This paper adopts the ~(13)C labeling technique combined with Gas Chromalography-Mass Spectrum (GC-MS) measurement technique as quantitive analysis method to identify the central metabolic flux distributions of Escherichia coli TUQ2 under anaerobic enviroment. This project will provide a more accurate bird’s view about metabolic flux distributions under ptsG gene knockout condition and will help to locate more protential gene manipulation point for strain production improvement of succinic acid. Due to the limited time, unavailability of equipments and chemicals, this paper only covers preliminary experiments to figure out the procedures and culture parameters of the prophase GC-MS chemostat experiment. Problems such as substrates labeling strategy, GC-MS spectrum analysis, etc. are theoretically analyzed and settled properly.
     Considering the complexisity of determinating substrate labeling stragety, the selection of labeling pattern in this paper is qualitively decided under the guidance of combined optimization of high GC-MS spectrum resolution and strong signal intensity.

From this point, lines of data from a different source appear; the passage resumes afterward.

(* Let $H$ be a real Hilbert space with inner product $(\cdot,\cdot)_H$, let $F:H\to\mathbb{R}$ be continuously Fréchet differentiable with gradient $\nabla F$, and for each $\Phi\in H$ let $\mathbf{L}(\Phi)=\mathbf{M}(\Phi)+\mathbf{S}(\Phi)$ with $\mathbf{M}(\Phi)$ a symmetric and $\mathbf{S}(\Phi)$ a skew-symmetric linear operator on $H$. Let $I_{n+\frac12}=[t_n,t_{n+1}]$, let $s\ge 1$, and let $\Phi^n\in H$ be given. Suppose $\Phi_h\in\mathbb{P}_s(I_{n+\frac12})\otimes H$ with $\Phi_h(t_n)=\Phi^n$ and $\mu_h\in\mathbb{P}_{s-1}(I_{n+\frac12})\otimes H$ satisfy, for all $U_h,\nu_h\in\mathbb{P}_{s-1}(I_{n+\frac12})\otimes H$, $$\int_{I_{n+\frac12}}(\dot\Phi_h,U_h)_H\,dt=\int_{I_{n+\frac12}}(\mathbf{L}(\Phi_h)\mu_h,U_h)_H\,dt,\qquad \int_{I_{n+\frac12}}(\mu_h,\nu_h)_H\,dt=\int_{I_{n+\frac12}}(\nabla F(\Phi_h),\nu_h)_H\,dt,$$ (all integrands assumed integrable). Setting $\Phi^{n+1}=\Phi_h(t_{n+1})$, one has $$F(\Phi^{n+1})-F(\Phi^n)=\int_{I_{n+\frac12}}\big(\mathbf{M}(\Phi_h)\mu_h,\mu_h\big)_H\,dt.$$
   Context: $\mathbb{P}_s(I)$ denotes the space of real polynomials on the interval $I$ of degree at most $s$, and $\mathbb{P}_s(I)\otimes H$ the $H$-valued polynomials in $t$ of degree at most $s$. Symmetric/skew-symmetric: $(\mathbf{A}\Phi,\Psi)_H=\pm(\Phi,\mathbf{A}\Psi)_H$ for all $\Phi,\Psi$. *)

theory Defs
  imports "HOL-Analysis.Analysis"
begin

text \<open>H-valued polynomials in t of degree at most s (as functions on the reals;
  their restriction to a nondegenerate interval determines them).\<close>
definition polyH :: "nat \<Rightarrow> (real \<Rightarrow> 'a::real_vector) set" where
  "polyH s = {p. \<exists>c :: nat \<Rightarrow> 'a. \<forall>t. p t = (\<Sum>k\<le>s. (t ^ k) *\<^sub>R c k)}"

definition symmetric_op :: "('a::real_inner \<Rightarrow> 'a) \<Rightarrow> bool" where
  "symmetric_op A \<longleftrightarrow> (\<forall>x y. inner (A x) y = inner x (A y))"

definition skew_symmetric_op :: "('a::real_inner \<Rightarrow> 'a) \<Rightarrow> bool" where
  "skew_symmetric_op A \<longleftrightarrow> (\<forall>x y. inner (A x) y = - inner x (A y))"

end

theory Submission
  imports Defs
begin

text \<open>Testing the second equation with \<open>\<nu>\<^sub>h = \<Phi>\<^sub>h'\<close>, which has degree \<open>s - 1\<close>, and the first
  with \<open>U\<^sub>h = \<mu>\<^sub>h\<close> gives
  \<open>F(\<Phi>\<^sup>n\<^sup>+\<^sup>1) - F(\<Phi>\<^sup>n) = \<integral> (\<nabla>F(\<Phi>\<^sub>h), \<Phi>\<^sub>h') = \<integral> (\<mu>\<^sub>h, \<Phi>\<^sub>h') = \<integral> (L(\<Phi>\<^sub>h)\<mu>\<^sub>h, \<mu>\<^sub>h)\<close>,
  the first step being the chain rule and the fundamental theorem of calculus.
  The skew-symmetric part of \<open>L\<close> contributes nothing since \<open>(S x, x) = 0\<close>.
  With the Henstock-Kurzweil integral the fundamental theorem of calculus needs no continuity
  of \<open>\<nabla>F\<close>.\<close>

lemma monomial_has_vector_derivative:
  fixes c :: "'a::real_normed_vector"
  shows "((\<lambda>t. (t ^ k) *\<^sub>R c) has_vector_derivative (real k * t ^ (k - 1)) *\<^sub>R c) (at t)"
proof -
  have "((\<lambda>t. t ^ k) has_real_derivative real k * t ^ (k - 1)) (at t)"
    by (rule derivative_eq_intros refl)+ simp
  from has_vector_derivative_scaleR[OF this has_vector_derivative_const[of c]]
  show ?thesis by simp
qed

lemma polyH_has_vector_derivative:
  fixes p :: "real \<Rightarrow> 'a::real_normed_vector"
  assumes "p \<in> polyH s"
  obtains p' where "p' \<in> polyH (s - 1)" and "\<And>t. (p has_vector_derivative p' t) (at t)"
proof -
  obtain c where p: "p = (\<lambda>t. \<Sum>k\<le>s. (t ^ k) *\<^sub>R c k)"
    using assms unfolding polyH_def by auto
  define p' where "p' = (\<lambda>t. \<Sum>k\<le>s. (real k * t ^ (k - 1)) *\<^sub>R c k)"
  have "(p has_vector_derivative p' t) (at t)" for t
    unfolding p p'_def by (intro has_vector_derivative_sum monomial_has_vector_derivative)
  moreover have "p' \<in> polyH (s - 1)"
  proof (cases s)
    case 0
    then show ?thesis unfolding polyH_def p'_def by (auto intro: exI[of _ "\<lambda>_. 0"])
  next
    case (Suc n)
    have "p' t = (\<Sum>k\<le>n. (t ^ k) *\<^sub>R (real (Suc k) *\<^sub>R c (Suc k)))" for t
      unfolding p'_def Suc sum.atMost_Suc_shift by (simp add: algebra_simps)
    then show ?thesis unfolding polyH_def using Suc
      by (intro CollectI exI[of _ "\<lambda>k. real (Suc k) *\<^sub>R c (Suc k)"]) auto
  qed
  ultimately show thesis using that by blast
qed

lemma skew_symmetric_op_inner_self:
  assumes "skew_symmetric_op A"
  shows "inner (A x) x = 0"
  using assms unfolding skew_symmetric_op_def by (metis inner_commute add_eq_0_iff2 neg_equal_zero)

lemma has_integral_gradient_along_path:
  fixes F :: "'a::real_inner \<Rightarrow> real"
  assumes grad: "\<And>x. (F has_derivative (\<lambda>v. inner (gradF x) v)) (at x)"
    and deriv: "\<And>t. t \<in> {a..b} \<Longrightarrow> (p has_vector_derivative p' t) (at t within {a..b})"
    and "a \<le> b"
  shows "((\<lambda>t. inner (gradF (p t)) (p' t)) has_integral F (p b) - F (p a)) {a..b}"
proof (rule fundamental_theorem_of_calculus[OF \<open>a \<le> b\<close>])
  fix t assume t: "t \<in> {a..b}"
  have "((F \<circ> p) has_derivative (\<lambda>v. inner (gradF (p t)) v) \<circ> (\<lambda>h. h *\<^sub>R p' t)) (at t within {a..b})"
    using deriv[OF t] has_derivative_at_withinI[OF grad[of "p t"]]
    unfolding has_vector_derivative_def by (rule diff_chain_within)
  then show "((\<lambda>t. F (p t)) has_vector_derivative inner (gradF (p t)) (p' t)) (at t within {a..b})"
    unfolding has_vector_derivative_def o_def by (simp add: mult.commute)
qed

theorem theorem3p2:
  fixes F :: "'a::{real_inner, complete_space} \<Rightarrow> real"
    and gradF :: "'a \<Rightarrow> 'a"
    and M S :: "'a \<Rightarrow> 'a \<Rightarrow> 'a"
    and tn tn1 :: real and s :: nat
    and Phin :: 'a and Phih muh :: "real \<Rightarrow> 'a"
  assumes grad: "\<And>x. (F has_derivative (\<lambda>v. inner (gradF x) v)) (at x)"
    and grad_cont: "continuous_on UNIV gradF"
    and M_lin: "\<And>\<Phi>. linear (M \<Phi>)" and M_sym: "\<And>\<Phi>. symmetric_op (M \<Phi>)"
    and S_lin: "\<And>\<Phi>. linear (S \<Phi>)" and S_skew: "\<And>\<Phi>. skew_symmetric_op (S \<Phi>)"
    and interval: "tn < tn1"
    and s: "s \<ge> 1"
    and Phih_poly: "Phih \<in> polyH s"
    and Phih_init: "Phih tn = Phin"
    and muh_poly: "muh \<in> polyH (s - 1)"
    and int_L: "\<And>U. U \<in> polyH (s - 1) \<Longrightarrow>
       (\<lambda>t. inner (M (Phih t) (muh t) + S (Phih t) (muh t)) (U t)) integrable_on {tn..tn1}"
    and int_M: "(\<lambda>t. inner (M (Phih t) (muh t)) (muh t)) integrable_on {tn..tn1}"
    and int_dPhi: "\<And>U. U \<in> polyH (s - 1) \<Longrightarrow>
       (\<lambda>t. inner (vector_derivative Phih (at t)) (U t)) integrable_on {tn..tn1}"
    and int_mu: "\<And>\<nu>. \<nu> \<in> polyH (s - 1) \<Longrightarrow>
       (\<lambda>t. inner (muh t) (\<nu> t)) integrable_on {tn..tn1}"
    and int_grad: "\<And>\<nu>. \<nu> \<in> polyH (s - 1) \<Longrightarrow>
       (\<lambda>t. inner (gradF (Phih t)) (\<nu> t)) integrable_on {tn..tn1}"
    and eq1: "\<And>U. U \<in> polyH (s - 1) \<Longrightarrow>
       integral {tn..tn1} (\<lambda>t. inner (vector_derivative Phih (at t)) (U t))
     = integral {tn..tn1} (\<lambda>t. inner (M (Phih t) (muh t) + S (Phih t) (muh t)) (U t))"
    and eq2: "\<And>\<nu>. \<nu> \<in> polyH (s - 1) \<Longrightarrow>
       integral {tn..tn1} (\<lambda>t. inner (muh t) (\<nu> t))
     = integral {tn..tn1} (\<lambda>t. inner (gradF (Phih t)) (\<nu> t))"
  shows "F (Phih tn1) - F Phin = integral {tn..tn1} (\<lambda>t. inner (M (Phih t) (muh t)) (muh t))"
proof -
  obtain D where D_poly: "D \<in> polyH (s - 1)" and D: "\<And>t. (Phih has_vector_derivative D t) (at t)"
    using polyH_has_vector_derivative[OF Phih_poly] by blast
  have "((\<lambda>t. inner (gradF (Phih t)) (D t)) has_integral F (Phih tn1) - F Phin) {tn..tn1}"
    using has_integral_gradient_along_path[OF grad, of tn tn1 Phih D] D interval Phih_init
    by (auto intro: has_vector_derivative_at_within)
  then have "F (Phih tn1) - F Phin = integral {tn..tn1} (\<lambda>t. inner (gradF (Phih t)) (D t))"
    by (simp add: integral_unique)
  also have "\<dots> = integral {tn..tn1} (\<lambda>t. inner (muh t) (D t))"
    using eq2[OF D_poly] by simp
  also have "\<dots> = integral {tn..tn1} (\<lambda>t. inner (vector_derivative Phih (at t)) (muh t))"
    using vector_derivative_at[OF D] by (simp add: inner_commute)
  also have "\<dots> = integral {tn..tn1} (\<lambda>t. inner (M (Phih t) (muh t) + S (Phih t) (muh t)) (muh t))"
    using eq1[OF muh_poly] .
  also have "\<dots> = integral {tn..tn1} (\<lambda>t. inner (M (Phih t) (muh t)) (muh t))"
    using skew_symmetric_op_inner_self[OF S_skew] by (simp add: inner_add_left)
  finally show ?thesis .
qed

end
(* Consider a TBSC over a field $\mathbb F$ in which the SR link uses a point-to-point code with extended delay profile $(t_1,\dots,t_k)$ for combined symbols $(s_1[t]+m_1(t),\dots,s_k[t]+m_k(t))$, where each $m_i(t)$ is a fixed linear combination of source symbols $s_j[t']$ with $j\in[k]$, $t'<t$; the relay sends $R[t]$ with $r_i[t]=s_i[t-t_i]+m_i(t-t_i)$ (zero if $t-t_i<0$); and the RD link uses a point-to-point code with delay profile $(t'_1,\dots,t'_k)$ for $(r_1[t],\dots,r_k[t])$. If $t_i+t'_i\le T$ for all $i\in[k]$, then the destination recovers every source symbol $s_i[\tau]$ by time $\tau+T$.
   Context: Delay profile of a point-to-point code with messages $(x_1[t],\dots,x_k[t])$: a tuple $(d_1,\dots,d_k)$ such that for every admissible erasure pattern and all $t,i$, $x_i[t]$ is determined by the packets received at times $\le t+d_i$. Extended delay profile $(t_1,\dots,t_k)$ with combined symbols $x_i[t]+m_i(t)$: for every admissible erasure pattern and all $t,i$, $x_i[t]+m_i(t)$ is determined by the packets received at times $\le t+t_i$ (with $m_i(0)=0$). Admissible erasure patterns: on the SR link, in every window of $T+1$ consecutive slots the erased slots form at most one run of consecutive slots of length $\le b_1$; on the RD link likewise with $b_2$. *)

theory Defs
  imports Main
begin

(* A message sequence with k streams is
   a function x :: nat => nat => 'f, where x i t is the i-th message symbol x_i[t]
   (only indices i < k are relevant).  A point-to-point code is given by its
   encoder enc, mapping a message sequence to the packet sent at time t. *)

definition causal_code :: "((nat \<Rightarrow> nat \<Rightarrow> 'f) \<Rightarrow> nat \<Rightarrow> 'p) \<Rightarrow> bool" where
  "causal_code enc \<longleftrightarrow>
     (\<forall>x y t. (\<forall>i t'. t' \<le> t \<longrightarrow> x i t' = y i t') \<longrightarrow> enc x t = enc y t)"

definition admissible :: "nat \<Rightarrow> nat \<Rightarrow> nat set \<Rightarrow> bool" where
  "admissible b T E \<longleftrightarrow>
     (\<forall>w. E \<inter> {w..w+T} = {} \<or>
          (\<exists>a l. 1 \<le> l \<and> l \<le> b \<and> E \<inter> {w..w+T} = {a..<a+l}))"

definition same_received :: "((nat \<Rightarrow> nat \<Rightarrow> 'f) \<Rightarrow> nat \<Rightarrow> 'p) \<Rightarrow> nat set \<Rightarrow> nat
     \<Rightarrow> (nat \<Rightarrow> nat \<Rightarrow> 'f) \<Rightarrow> (nat \<Rightarrow> nat \<Rightarrow> 'f) \<Rightarrow> bool" where
  "same_received enc E u x y \<longleftrightarrow> (\<forall>t'. t' \<le> u \<longrightarrow> t' \<notin> E \<longrightarrow> enc x t' = enc y t')"

(* Delay profile (d_1,...,d_k) (given as d :: nat => nat, d i = d_{i+1}, i < k):
   x_i[t] is determined by packets received at times \<le> t + d_i. *)
definition delay_profile ::
  "nat \<Rightarrow> nat \<Rightarrow> nat \<Rightarrow> ((nat \<Rightarrow> nat \<Rightarrow> 'f) \<Rightarrow> nat \<Rightarrow> 'p) \<Rightarrow> (nat \<Rightarrow> nat) \<Rightarrow> bool" where
  "delay_profile k b T enc d \<longleftrightarrow>
     (\<forall>E. admissible b T E \<longrightarrow>
        (\<forall>x y t i. i < k \<longrightarrow> same_received enc E (t + d i) x y \<longrightarrow> x i t = y i t))"

definition mem :: "nat \<Rightarrow> (nat \<Rightarrow> nat \<Rightarrow> nat \<Rightarrow> nat \<Rightarrow> 'f::field) \<Rightarrow> (nat \<Rightarrow> nat \<Rightarrow> 'f)
     \<Rightarrow> nat \<Rightarrow> nat \<Rightarrow> 'f" where
  "mem k c s i t = (\<Sum>j<k. \<Sum>t'<t. c i j t t' * s j t')"

definition ext_delay_profile ::
  "nat \<Rightarrow> nat \<Rightarrow> nat \<Rightarrow> (nat \<Rightarrow> nat \<Rightarrow> nat \<Rightarrow> nat \<Rightarrow> 'f::field)
     \<Rightarrow> ((nat \<Rightarrow> nat \<Rightarrow> 'f) \<Rightarrow> nat \<Rightarrow> 'p) \<Rightarrow> (nat \<Rightarrow> nat) \<Rightarrow> bool" where
  "ext_delay_profile k b T c enc d \<longleftrightarrow>
     (\<forall>E. admissible b T E \<longrightarrow>
        (\<forall>s s' t i. i < k \<longrightarrow> same_received enc E (t + d i) s s' \<longrightarrow>
            s i t + mem k c s i t = s' i t + mem k c s' i t))"

definition relay_seq :: "nat \<Rightarrow> (nat \<Rightarrow> nat \<Rightarrow> nat \<Rightarrow> nat \<Rightarrow> 'f::field) \<Rightarrow> (nat \<Rightarrow> nat)
     \<Rightarrow> (nat \<Rightarrow> nat \<Rightarrow> 'f) \<Rightarrow> nat \<Rightarrow> nat \<Rightarrow> 'f" where
  "relay_seq k c d s i t = (if t < d i then 0 else s i (t - d i) + mem k c s i (t - d i))"

end

theory Submission
  imports Defs
begin

(* The destination decodes r_i[t + t_i] = s_i[t] + m_i(t) by time t + t_i + t'_i <= t + T.
   Since m_i(t) only involves source symbols sent before t, induction on t peels off the
   memory terms and recovers every s_i[t] with t <= tau from the packets received by tau + T. *)

lemma same_received_mono:
  assumes "same_received enc E u x y" and "u' \<le> u"
  shows "same_received enc E u' x y"
  using assms unfolding same_received_def by simp

lemma relay_seq_shift:
  "relay_seq k c d s i (t + d i) = s i t + mem k c s i t"
  unfolding relay_seq_def by simp

lemma mem_cong:
  assumes "\<And>j t'. j < k \<Longrightarrow> t' < t \<Longrightarrow> s j t' = s' j t'"
  shows "mem k c s i t = mem k c s' i t"
  unfolding mem_def using assms by (intro sum.cong refl) auto

lemma sources_eq_of_combined_eq:
  assumes combined: "\<And>j t. j < k \<Longrightarrow> t \<le> \<tau> \<Longrightarrow>
                       s j t + mem k c s j t = s' j t + mem k c s' j t"
    and "j < k" and "t \<le> \<tau>"
  shows "s j t = s' j t"
  using assms(2,3)
proof (induction t arbitrary: j rule: less_induct)
  case (less t)
  have "mem k c s j t = mem k c s' j t"
    using less.IH less.prems by (intro mem_cong) auto
  with combined[OF less.prems] show ?case by simp
qed

lemma combined_eq_of_relay_received:
  assumes "delay_profile k b T enc d'" and "admissible b T E" and "j < k"
    and "same_received enc E (t + d j + d' j) (relay_seq k c d s) (relay_seq k c d s')"
  shows "s j t + mem k c s j t = s' j t + mem k c s' j t"
proof -
  have "relay_seq k c d s j (t + d j) = relay_seq k c d s' j (t + d j)"
    using assms unfolding delay_profile_def by blast
  then show ?thesis by (simp only: relay_seq_shift)
qed

(* The SR-link hypotheses are deliberately unused: they ensure the relay can form R[t] in
   time, but what the destination recovers depends only on R being relay_seq k c ts s. *)
theorem mainTheorem12:
  fixes k b1 b2 T :: nat
    and c :: "nat \<Rightarrow> nat \<Rightarrow> nat \<Rightarrow> nat \<Rightarrow> 'f::field"
    and enc1 :: "(nat \<Rightarrow> nat \<Rightarrow> 'f) \<Rightarrow> nat \<Rightarrow> 'p1"
    and enc2 :: "(nat \<Rightarrow> nat \<Rightarrow> 'f) \<Rightarrow> nat \<Rightarrow> 'p2"
    and ts ts' :: "nat \<Rightarrow> nat"
  assumes "causal_code enc1"
    and "ext_delay_profile k b1 T c enc1 ts"
    and "causal_code enc2"
    and "delay_profile k b2 T enc2 ts'"
    and "\<forall>i<k. ts i + ts' i \<le> T"
  shows "\<forall>E2. admissible b2 T E2 \<longrightarrow>
           (\<forall>s s' \<tau> i. i < k \<longrightarrow>
              same_received enc2 E2 (\<tau> + T) (relay_seq k c ts s) (relay_seq k c ts s') \<longrightarrow>
              s i \<tau> = s' i \<tau>)"
proof (intro allI impI)
  fix E2 s s' \<tau> i
  assume adm: "admissible b2 T E2" and "i < k"
    and received: "same_received enc2 E2 (\<tau> + T) (relay_seq k c ts s) (relay_seq k c ts s')"
  have "s j t + mem k c s j t = s' j t + mem k c s' j t" if "j < k" and "t \<le> \<tau>" for j t
  proof -
    have "t + ts j + ts' j \<le> \<tau> + T"
      using assms(5) that by fastforce
    then show ?thesis
      using combined_eq_of_relay_received[OF assms(4) adm \<open>j < k\<close>]
        same_received_mono[OF received] by blast
  qed
  then show "s i \<tau> = s' i \<tau>"
    using sources_eq_of_combined_eq \<open>i < k\<close> by blast
qed

end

     The GC-MS samples are prepared from the intermediate metabolite hydrolyzed residues. The intermediate metabolites are derived from the chemostat E. coli culture, after adding ~(13)C labeling substrate and waiting for 3 resident times. FiatFlux, which is an intuitive tool for quantitative investigations of intracellular metabolism by users that are not familiar with numerical methods or isotopic tracer experiments. The aim of this open source software is to enable non-specialists to adapt the software to their specific scientific interests, including other ~(13)C-substrates, labeling mixtures, and organisms.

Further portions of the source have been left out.